__Data for this task__
================================

(* Let $G$ be a finitely generated group, equipped with a word metric with respect to a finite symmetric generating set, acting by isometries on a metric space $X$ with $\operatorname{asdim}_{AN}(X)<\infty$. Fix $x_0\in X$ and for $R>0$ let $W_R(x_0)=\{\gamma\in G: d(\gamma\cdot x_0,x_0)\le R\}$ (with the metric restricted from $G$). If there are constants $m,b,c>0$ such that for every $R>0$ the function $r\mapsto m r+bR+c$ is a $k$-dimensional control function of $W_R(x_0)$, then $$\operatorname{asdim}_{AN}(G)\le k+\operatorname{asdim}_{AN}(X).$$
   Context: A $k$-dimensional control function of a metric space $Z$ is a function $D\colon\mathbb R_+\to\mathbb R_+$ such that for every $r>0$ there are families $\mathcal U_1,\dots,\mathcal U_{k+1}$ of subsets of $Z$ covering $Z$, each $r$-disjoint (points in different members of the same family at distance $\ge r$), with members of diameter $\le D(r)$. $\operatorname{asdim}_{AN}(Z)\le n$ iff $Z$ has an $n$-dimensional control function of the form $r\mapsto cr+b$ with $b,c\ge0$; $\operatorname{asdim}_{AN}(Z)$ is the least such $n$. *)

theory Defs
  imports "HOL-Analysis.Analysis" "HOL-Algebra.Group" "HOL-Algebra.Generated_Groups"
    "HOL-Library.Extended_Nat"
begin

definition r_disjoint :: "('a \<Rightarrow> 'a \<Rightarrow> real) \<Rightarrow> real \<Rightarrow> 'a set set \<Rightarrow> bool" where
  "r_disjoint d r U \<longleftrightarrow>
     (\<forall>A\<in>U. \<forall>B\<in>U. A \<noteq> B \<longrightarrow> (\<forall>x\<in>A. \<forall>y\<in>B. r \<le> d x y))"

definition control_function ::
  "'a set \<Rightarrow> ('a \<Rightarrow> 'a \<Rightarrow> real) \<Rightarrow> nat \<Rightarrow> (real \<Rightarrow> real) \<Rightarrow> bool" where
  "control_function Z d k D \<longleftrightarrow>
     (\<forall>r>0. D r \<ge> 0) \<and>
     (\<forall>r>0. \<exists>U :: nat \<Rightarrow> 'a set set.
        (\<forall>i\<le>k. (\<forall>A\<in>U i. A \<subseteq> Z) \<and> r_disjoint d r (U i)
               \<and> (\<forall>A\<in>U i. \<forall>x\<in>A. \<forall>y\<in>A. d x y \<le> D r))
        \<and> Z \<subseteq> (\<Union>i\<le>k. \<Union>(U i)))"

definition asdim_AN_le :: "'a set \<Rightarrow> ('a \<Rightarrow> 'a \<Rightarrow> real) \<Rightarrow> nat \<Rightarrow> bool" where
  "asdim_AN_le Z d n \<longleftrightarrow>
     (\<exists>c b. c \<ge> 0 \<and> b \<ge> 0 \<and> control_function Z d n (\<lambda>r. c * r + b))"

text \<open>Assouad-Nagata dimension as an extended natural (\<infinity> if no n works).\<close>
definition asdim_AN :: "'a set \<Rightarrow> ('a \<Rightarrow> 'a \<Rightarrow> real) \<Rightarrow> enat" where
  "asdim_AN Z d = Inf {enat n | n. asdim_AN_le Z d n}"

definition word_length :: "('g, 'b) monoid_scheme \<Rightarrow> 'g set \<Rightarrow> 'g \<Rightarrow> nat" where
  "word_length G S g = (LEAST n. \<exists>ws. length ws = n \<and> set ws \<subseteq> S \<and>
                                   foldr (\<otimes>\<^bsub>G\<^esub>) ws \<one>\<^bsub>G\<^esub> = g)"

definition word_dist :: "('g, 'b) monoid_scheme \<Rightarrow> 'g set \<Rightarrow> 'g \<Rightarrow> 'g \<Rightarrow> real" where
  "word_dist G S g h = real (word_length G S (inv\<^bsub>G\<^esub> g \<otimes>\<^bsub>G\<^esub> h))"

end

theory Submission
  imports Defs
begin

text \<open>
  The orbit map \<open>\<gamma> \<mapsto> \<gamma> \<cdot> x\<^sub>0\<close> is Lipschitz for the word metric, and by left invariance every
  subset of \<open>G\<close> whose orbit has diameter at most \<open>R\<close> is a translate of a subset of \<open>W\<^sub>R(x\<^sub>0)\<close>,
  so it has \<open>k\<close>-dimensional covers with control \<open>m r + b R + c\<close>. Fix \<open>r\<close> and a cover
  \<open>U\<^sub>0, \<dots>, U\<^sub>n\<close> of \<open>X\<close> at scale \<open>3 s\<close> with \<open>s\<close> proportional to \<open>r\<close>. The preimages of the
  \<open>s\<close>-neighbourhoods of the members of one \<open>U\<^sub>i\<close> are \<open>r\<close>-disjoint and have orbits of diameter
  linear in \<open>r\<close>. Induction on \<open>i\<close> covers the preimage of \<open>U\<^sub>0 \<union> \<dots> \<union> U\<^sub>i\<close> by \<open>k + i + 1\<close>
  families: the covers of the new pieces are saturated by the cover of the previous stage and glued
  to it along the level sets of \<open>1 - dist(\<gamma> x\<^sub>0, \<Union>U\<^sub>i) / s\<close>. All meshes stay linear in \<open>r\<close>,
  whence \<open>asdim\<^sub>A\<^sub>N G \<le> k + n\<close>.
\<close>

section \<open>Covers with bounded mesh\<close>

definition uniformly_bounded :: "('a \<Rightarrow> 'a \<Rightarrow> real) \<Rightarrow> real \<Rightarrow> 'a set set \<Rightarrow> bool" where
  "uniformly_bounded d M \<U> \<longleftrightarrow> (\<forall>A\<in>\<U>. \<forall>x\<in>A. \<forall>y\<in>A. d x y \<le> M)"

definition control_cover ::
  "('a \<Rightarrow> 'a \<Rightarrow> real) \<Rightarrow> 'a set \<Rightarrow> real \<Rightarrow> real \<Rightarrow> nat \<Rightarrow> (nat \<Rightarrow> 'a set set) \<Rightarrow> bool" where
  "control_cover d Z r M k U \<longleftrightarrow>
     (\<forall>i\<le>k. (\<forall>A\<in>U i. A \<subseteq> Z) \<and> r_disjoint d r (U i) \<and> uniformly_bounded d M (U i))
     \<and> Z \<subseteq> (\<Union>i\<le>k. \<Union>(U i))"

lemma control_function_iff:
  "control_function Z d k D \<longleftrightarrow> (\<forall>r>0. 0 \<le> D r) \<and> (\<forall>r>0. \<exists>U. control_cover d Z r (D r) k U)"
  by (simp add: control_function_def control_cover_def uniformly_bounded_def)

lemma r_disjointI:
  "(\<And>A B x y. A \<in> \<U> \<Longrightarrow> B \<in> \<U> \<Longrightarrow> A \<noteq> B \<Longrightarrow> x \<in> A \<Longrightarrow> y \<in> B \<Longrightarrow> r \<le> d x y)
   \<Longrightarrow> r_disjoint d r \<U>"
  unfolding r_disjoint_def by blast

lemma r_disjointD:
  "r_disjoint d r \<U> \<Longrightarrow> A \<in> \<U> \<Longrightarrow> B \<in> \<U> \<Longrightarrow> A \<noteq> B \<Longrightarrow> x \<in> A \<Longrightarrow> y \<in> B \<Longrightarrow> r \<le> d x y"
  unfolding r_disjoint_def by blast

lemma r_disjoint_restrict: "r_disjoint d r \<U> \<Longrightarrow> r_disjoint d r ((\<lambda>A. A \<inter> Y) ` \<U>)"
  unfolding r_disjoint_def by blast

lemma r_disjoint_Un:
  assumes "r_disjoint d r \<P>" and "r_disjoint d r \<Q>"
    and separated: "\<And>x y. x \<in> \<Union>\<P> \<Longrightarrow> y \<in> \<Union>\<Q> \<Longrightarrow> r \<le> d x y \<and> r \<le> d y x"
  shows "r_disjoint d r (\<P> \<union> \<Q>)"
proof (rule r_disjointI)
  fix A B x y assume "A \<in> \<P> \<union> \<Q>" "B \<in> \<P> \<union> \<Q>" "A \<noteq> B" "x \<in> A" "y \<in> B"
  then consider "A \<in> \<P>" "B \<in> \<P>" | "A \<in> \<Q>" "B \<in> \<Q>" | "x \<in> \<Union>\<P>" "y \<in> \<Union>\<Q>"
    | "y \<in> \<Union>\<P>" "x \<in> \<Union>\<Q>"
    by blast
  then show "r \<le> d x y"
  proof cases
    case 1
    then show ?thesis using r_disjointD[OF assms(1)] \<open>A \<noteq> B\<close> \<open>x \<in> A\<close> \<open>y \<in> B\<close> by blast
  next
    case 2
    then show ?thesis using r_disjointD[OF assms(2)] \<open>A \<noteq> B\<close> \<open>x \<in> A\<close> \<open>y \<in> B\<close> by blast
  qed (use separated in blast)+
qed
(* Let $\Omega$ be a triangulation whose edges are labeled as terminal-, internal- and frontier-edges. Let $P$ be the (non-simple) polygon bounding a terminal-edge region $R$ of $\Omega$, and let $B$ be the set of barrier-edge tips of $P$. Compute $\deg(b_i)$ for every $b_i\in B$ by visiting the triangles of $R$ incident to $b_i$. Over all these computations together, each triangle of $R$ is visited at most $3$ times.
   Context: Let $\Omega$ be a triangulation in which every triangle has a designated unique longest edge. Edges are labeled as follows. An edge shared by two triangles is: - a terminal-edge if it is the longest edge of both triangles; - a frontier-edge if it is the longest edge of neither triangle; - an internal-edge otherwise. Edges belonging to a single triangle are boundary edges and are treated as frontier-edges. For a triangle $t_0$, $\mathrm{Lepp}(t_0)$ is the sequence $t_0,t_1,\dots$ in which each $t_i$ is the neighbor of $t_{i-1}$ across the longest edge of $t_{i-1}$, ending at a terminal (or boundary) edge. A terminal-edge region $R$ is the union of all triangles whose Lepp ends at the same terminal-edge. Its boundary polygon $P$ consists of the frontier-edges surrounding it. A barrier-edge is a frontier-edge both of whose adjacent triangles lie in $R$. A barrier-edge tip of $R$ is an endpoint of a barrier-edge that is shared by no other barrier-edge or frontier-edge. For a barrier-edge tip $b$, $\deg(b)$ is the number of internal-edges of $R$ incident to $b$. It is computed by visiting, one at a time, the triangles of $R$ having $b$ as a vertex; a triangle is visited once in the computation of $\deg(b)$ if it has $b$ as a vertex, and not at all otherwise. *)

theory Defs
  imports Main
begin

text \<open>Combinatorial model of a triangulation: a triangle is a 3-element set of vertices,
  an edge is a 2-element subset of a triangle; lg t is the designated longest edge of t.\<close>

definition edges_of :: "'v set \<Rightarrow> 'v set set" where
  "edges_of t = {e. e \<subseteq> t \<and> card e = 2}"

definition tris_with :: "'v set set \<Rightarrow> 'v set \<Rightarrow> 'v set set" where
  "tris_with T e = {t \<in> T. e \<subseteq> t}"

definition is_edge :: "'v set set \<Rightarrow> 'v set \<Rightarrow> bool" where
  "is_edge T e \<longleftrightarrow> (\<exists>t\<in>T. e \<in> edges_of t)"

definition is_triangulation :: "'v set set \<Rightarrow> ('v set \<Rightarrow> 'v set) \<Rightarrow> bool" where
  "is_triangulation T lg \<longleftrightarrow> finite T \<and>
     (\<forall>t\<in>T. card t = 3 \<and> lg t \<in> edges_of t) \<and>
     (\<forall>t\<in>T. \<forall>e\<in>edges_of t. card (tris_with T e) \<le> 2)"

definition terminal_edge :: "'v set set \<Rightarrow> ('v set \<Rightarrow> 'v set) \<Rightarrow> 'v set \<Rightarrow> bool" where
  "terminal_edge T lg e \<longleftrightarrow> is_edge T e \<and> card (tris_with T e) = 2 \<and>
     (\<forall>t\<in>tris_with T e. lg t = e)"

definition frontier_edge :: "'v set set \<Rightarrow> ('v set \<Rightarrow> 'v set) \<Rightarrow> 'v set \<Rightarrow> bool" where
  "frontier_edge T lg e \<longleftrightarrow> is_edge T e \<and>
     (card (tris_with T e) = 1 \<or> (card (tris_with T e) = 2 \<and> (\<forall>t\<in>tris_with T e. lg t \<noteq> e)))"

inductive lepp_ends_at :: "'v set set \<Rightarrow> ('v set \<Rightarrow> 'v set) \<Rightarrow> 'v set \<Rightarrow> 'v set \<Rightarrow> bool"
  for T lg where
  base: "t \<in> T \<Longrightarrow> lg t = e \<Longrightarrow> terminal_edge T lg e \<Longrightarrow> lepp_ends_at T lg t e"
| step: "t \<in> T \<Longrightarrow> t' \<in> T \<Longrightarrow> t' \<noteq> t \<Longrightarrow> lg t \<subseteq> t' \<Longrightarrow> lg t' \<noteq> lg t \<Longrightarrow>
         lepp_ends_at T lg t' e \<Longrightarrow> lepp_ends_at T lg t e"

definition region :: "'v set set \<Rightarrow> ('v set \<Rightarrow> 'v set) \<Rightarrow> 'v set \<Rightarrow> 'v set set" where
  "region T lg e = {t \<in> T. lepp_ends_at T lg t e}"

definition barrier_edge :: "'v set set \<Rightarrow> ('v set \<Rightarrow> 'v set) \<Rightarrow> 'v set set \<Rightarrow> 'v set \<Rightarrow> bool" where
  "barrier_edge T lg R e \<longleftrightarrow> frontier_edge T lg e \<and> card (tris_with T e) = 2 \<and> tris_with T e \<subseteq> R"

text \<open>Barrier-edge tip: endpoint of a barrier edge shared by no other barrier edge or
  frontier edge of (the boundary polygon of) R.\<close>
definition barrier_tip :: "'v set set \<Rightarrow> ('v set \<Rightarrow> 'v set) \<Rightarrow> 'v set set \<Rightarrow> 'v \<Rightarrow> bool" where
  "barrier_tip T lg R b \<longleftrightarrow> (\<exists>e. barrier_edge T lg R e \<and> b \<in> e \<and>
     (\<forall>e'. e' \<noteq> e \<and> b \<in> e' \<and> frontier_edge T lg e' \<and> (\<exists>t\<in>R. e' \<subseteq> t) \<longrightarrow> False))"

definition deg_visited :: "'v set set \<Rightarrow> 'v \<Rightarrow> 'v set set" where
  "deg_visited R b = {t \<in> R. b \<in> t}"

end

theory Submission
  imports Defs
begin

(* A triangle t is visited in the computation of deg(b) only if b is a vertex of t,
   so it is visited at most once per vertex, that is at most three times. Nothing about
   barrier tips or the terminal edge is needed: the bound holds for any set of vertices B. *)

lemma region_subset: "region T lg e \<subseteq> T"
  by (auto simp: region_def)

lemma card_triangle:
  assumes "is_triangulation T lg" and "t \<in> T"
  shows "card t = 3"
  using assms by (simp add: is_triangulation_def)

lemma visits_subset_vertices: "{b \<in> B. t \<in> deg_visited R b} \<subseteq> t"
  by (auto simp: deg_visited_def)

lemma card_visits_le_card:
  assumes "finite t"
  shows "card {b \<in> B. t \<in> deg_visited R b} \<le> card t"
  using card_mono[OF assms visits_subset_vertices] .

theorem lemma2:
  fixes T :: "'v set set" and lg :: "'v set \<Rightarrow> 'v set" and e :: "'v set"
  assumes "is_triangulation T lg"
    and "terminal_edge T lg e"
    and "R = region T lg e"
    and "B = {b. barrier_tip T lg R b}"
  shows "\<forall>t\<in>R. card {b \<in> B. t \<in> deg_visited R b} \<le> 3"
proof
  fix t assume "t \<in> R"
  with assms(3) region_subset have "t \<in> T" by blast
  with assms(1) have three: "card t = 3" by (rule card_triangle)
  then have "finite t" by (intro card_ge_0_finite) simp
  then show "card {b \<in> B. t \<in> deg_visited R b} \<le> 3"
    using card_visits_le_card[of t B R] three by simp
qed

end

================================

What are the lines, exactly as written above, from the line with "(\<forall>r>0. \<exists>U :: nat" to the line with "y \<le> D r))", both included? Output only those.

     (\<forall>r>0. \<exists>U :: nat \<Rightarrow> 'a set set.
        (\<forall>i\<le>k. (\<forall>A\<in>U i. A \<subseteq> Z) \<and> r_disjoint d r (U i)
               \<and> (\<forall>A\<in>U i. \<forall>x\<in>A. \<forall>y\<in>A. d x y \<le> D r))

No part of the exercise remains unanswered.